Walau judul bukunya seolah hendak menguliti kembali luka lama "Si Gemoy", julukan nitizen kepada Prabowo Subianto belakangan ini, ternyata isinya justru sebaliknya. Penulisnya ingin mematahkan suara sumbang tentang sang capres Koalisi KIM itu yang selalu muncul setiap dirinya maju kontestasi pilpres.
Lema gemoy bukan lahir dari rahim Bahasa Indonesia karena tidak ada dalam Kamus Besar Bahasa Indonesia. Kata itu lahir dari rahim bahasa gaul yang kemudian pada musim pilpres kali ini dilekatkan kepada Prabowo.
Si Gemoy sendiri tak baperan, tak pernah membela diri atas penilaian maupun julukan yang memang sudah biasa disematkan nitizen seenak jidatnya kepada para elite politik seringan menekan kedua jempol di layar handphonennya.
Wowo, julukan nitizen sebelumnya, tak peduli, terus melaju dengan "kegemoyannya". Terungkap setelah ditanya Najwa Shibah alias Nana, Prabowo Subianto mengatakan selalu joget yang akhirnya dijuluki "Si Gemoy" itu sudah biasa dilakukannya sejak kecil.

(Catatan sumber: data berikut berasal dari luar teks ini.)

(* Let $Q\in\mathbb N$ and $k\in\mathbb N_0\cap[0,2Q-1]$. Then $\|1\|_{k,Q}=\frac{T^k}{k!}$, where $1$ denotes the constant function $[0,T]\times\mathbb R^d\ni(t,x)\mapsto1$.
   Context: $T\in(0,\infty)$, $d\in\mathbb N$, $(\Omega,\mathcal F,\mathbb P)$ a probability space and $W^0\colon[0,T]\times\Omega\to\mathbb R^d$ a standard Brownian motion. Gauss–Legendre weights: for $n\in\mathbb N$ let $c^n_1,\dots,c^n_n$ be the roots of $x\mapsto\frac{1}{2^nn!}\frac{d^n}{dx^n}[(x^2-1)^n]$; for $a\le b$ let $q^{n,[a,b]}(t)=\int_a^b\prod_{i:\,c^n_i\neq\frac{2t-(a+b)}{b-a}}\frac{2x-(b-a)c^n_i-(a+b)}{2t-(b-a)c^n_i-(a+b)}\,dx$ if $a<b$ and $\frac{2t-(a+b)}{b-a}\in\{c^n_1,\dots,c^n_n\}$, else $0$; sums $\sum_{t\in[a,b]}$ range over the finitely many points with nonzero weight. For $Q\in\mathbb N$: $\bar q^{0,Q}=\mathbb 1_{\{0\}}$, $\bar q^{n,Q}(t)=\sum_{s\in[0,t]}\bar q^{n-1,Q}(s)q^{Q,[s,T]}(t)$. Semi-norm: $\|V\|_{k,Q}=\sum_{t\in[0,T]}\bar q^{k,Q}(t)\sup_{s\in[t,T]}\sup_{u\in[0,s]}\sup_{z\in\mathbb R^d}(\mathbb E[|V(s,z+W^0_u)|^2])^{1/2}$. *)

theory Defs
  imports "HOL-Probability.Probability" "HOL-Computational_Algebra.Polynomial"
begin

definition std_gauss_vec_density :: "real \<Rightarrow> real ^ 'd \<Rightarrow> real" where
  "std_gauss_vec_density \<sigma> x = (\<Prod>i\<in>UNIV. normal_density 0 \<sigma> (x $ i))"

definition std_brownian_motion ::
  "'a measure \<Rightarrow> real \<Rightarrow> (real \<Rightarrow> 'a \<Rightarrow> real ^ 'd) \<Rightarrow> bool" where
  "std_brownian_motion M T W \<longleftrightarrow>
     (\<forall>t\<in>{0..T}. W t \<in> borel_measurable M) \<and>
     (\<forall>\<omega>\<in>space M. W 0 \<omega> = 0) \<and>
     (\<forall>\<omega>\<in>space M. continuous_on {0..T} (\<lambda>t. W t \<omega>)) \<and>
     (\<forall>s t. 0 \<le> s \<and> s < t \<and> t \<le> T \<longrightarrow>
        distributed M lborel (\<lambda>\<omega>. W t \<omega> - W s \<omega>) (std_gauss_vec_density (sqrt (t - s)))) \<and>
     (\<forall>(n::nat) (tt::nat \<Rightarrow> real). 0 \<le> tt 0 \<and> tt n \<le> T \<and> (\<forall>j<n. tt j < tt (Suc j)) \<longrightarrow>
        prob_space.indep_vars M (\<lambda>_. borel) (\<lambda>j \<omega>. W (tt (Suc j)) \<omega> - W (tt j) \<omega>) {..<n})"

Setiap bahagia, gembira, dia mengaku spontan joget, seperti selebrasi pemain bola berhasil merobek gawang lawan. Selebrasi yang gemoy itu ketika mendapatkan nomor 2 bersama anaknya Jokowi sebagai pasangan Pilpres 2024 pas di depan Megawati Soekarno Putri.

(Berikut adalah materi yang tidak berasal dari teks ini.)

lemma braid_equiv_pair_conj_generate:
  assumes "set (A @ B) \<subseteq> carrier G" "p \<in> carrier G" "h \<in> generate G (set (A @ B))"
  shows "braid_equiv G (A @ [h \<otimes> p \<otimes> inv h, h \<otimes> inv p \<otimes> inv h] @ B) (A @ [p, inv p] @ B)"
proof -
  have h: "h \<in> pair_conjugators A B"
    using assms(3) generate_subgroup_incl[OF generators_in_pair_conjugators subgroup_pair_conjugators]
      assms(1) by blast
  moreover have "h \<otimes> inv p \<otimes> inv h = inv (h \<otimes> p \<otimes> inv h)"
    using pair_conjugatorsD(1)[OF h] assms(2) by (simp add: m_assoc inv_mult_group)
  ultimately show ?thesis
    using pair_conjugatorsD(2)[OF h assms(2)] by simp
qed

end

theorem lemma1p9:
  fixes G :: "('a, 'b) monoid_scheme" and ts :: "'a list" and k :: nat and h :: 'a
  assumes "group G"
    and "set ts \<subseteq> carrier G"
    and "Suc k < length ts"
    and "ts ! (Suc k) = inv\<^bsub>G\<^esub> (ts ! k)"
    and "h \<in> generate G (set (take k ts @ drop (Suc (Suc k)) ts))"
  shows "braid_equiv G
           (ts[k := h \<otimes>\<^bsub>G\<^esub> ts!k \<otimes>\<^bsub>G\<^esub> inv\<^bsub>G\<^esub> h,
               Suc k := h \<otimes>\<^bsub>G\<^esub> ts!(Suc k) \<otimes>\<^bsub>G\<^esub> inv\<^bsub>G\<^esub> h])
           ts"
proof -
  interpret group G by fact
  define A B p where "A = take k ts" and "B = drop (Suc (Suc k)) ts" and "p = ts ! k"
  have ts: "ts = A @ [p, inv\<^bsub>G\<^esub> p] @ B"
    using id_take_nth_nth_drop[OF assms(3)] assms(4) unfolding A_def B_def p_def by simp
  have "set (A @ B) \<subseteq> carrier G" "p \<in> carrier G"
    using assms(2) unfolding ts by auto
  moreover have "h \<in> generate G (set (A @ B))"
    using assms(5) unfolding A_def B_def .
  ultimately have "braid_equiv G
      (A @ [h \<otimes>\<^bsub>G\<^esub> p \<otimes>\<^bsub>G\<^esub> inv\<^bsub>G\<^esub> h, h \<otimes>\<^bsub>G\<^esub> inv\<^bsub>G\<^esub> p \<otimes>\<^bsub>G\<^esub> inv\<^bsub>G\<^esub> h] @ B) ts"
    unfolding ts by (rule braid_equiv_pair_conj_generate)
  moreover have "ts[k := x, Suc k := y] = A @ [x, y] @ B" for x y
    by (subst ts) (use assms(3) in \<open>simp add: A_def list_update_append\<close>)
  ultimately show ?thesis
    using assms(4) by (simp add: p_def)
qed

end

Setiap kesempatan, Prabowo selalu tampak sumringah. Dia seolah optimistis pilpres yang diikutinya ketiga kali ini bakal dimenangkannya. Jokowi yang sebelumnya kuat bersama PDIP kini bersamanya, Luhut yang banyak hopeng oligarki sudah satu perahu.
Belum lagi, partai koalisinya, Koalisi Indonesia Maju (KIM) menguasai 59.762.053 suara atau setara dengan 42,67 persen suara Pemilu 2019, yakni Gerindra, Golkar, Demokrat, Amanat Nasional (PAN), Partai Solidaritas Indonesia (PSI), Partai Bulan Bintang (PBB), dan Garuda.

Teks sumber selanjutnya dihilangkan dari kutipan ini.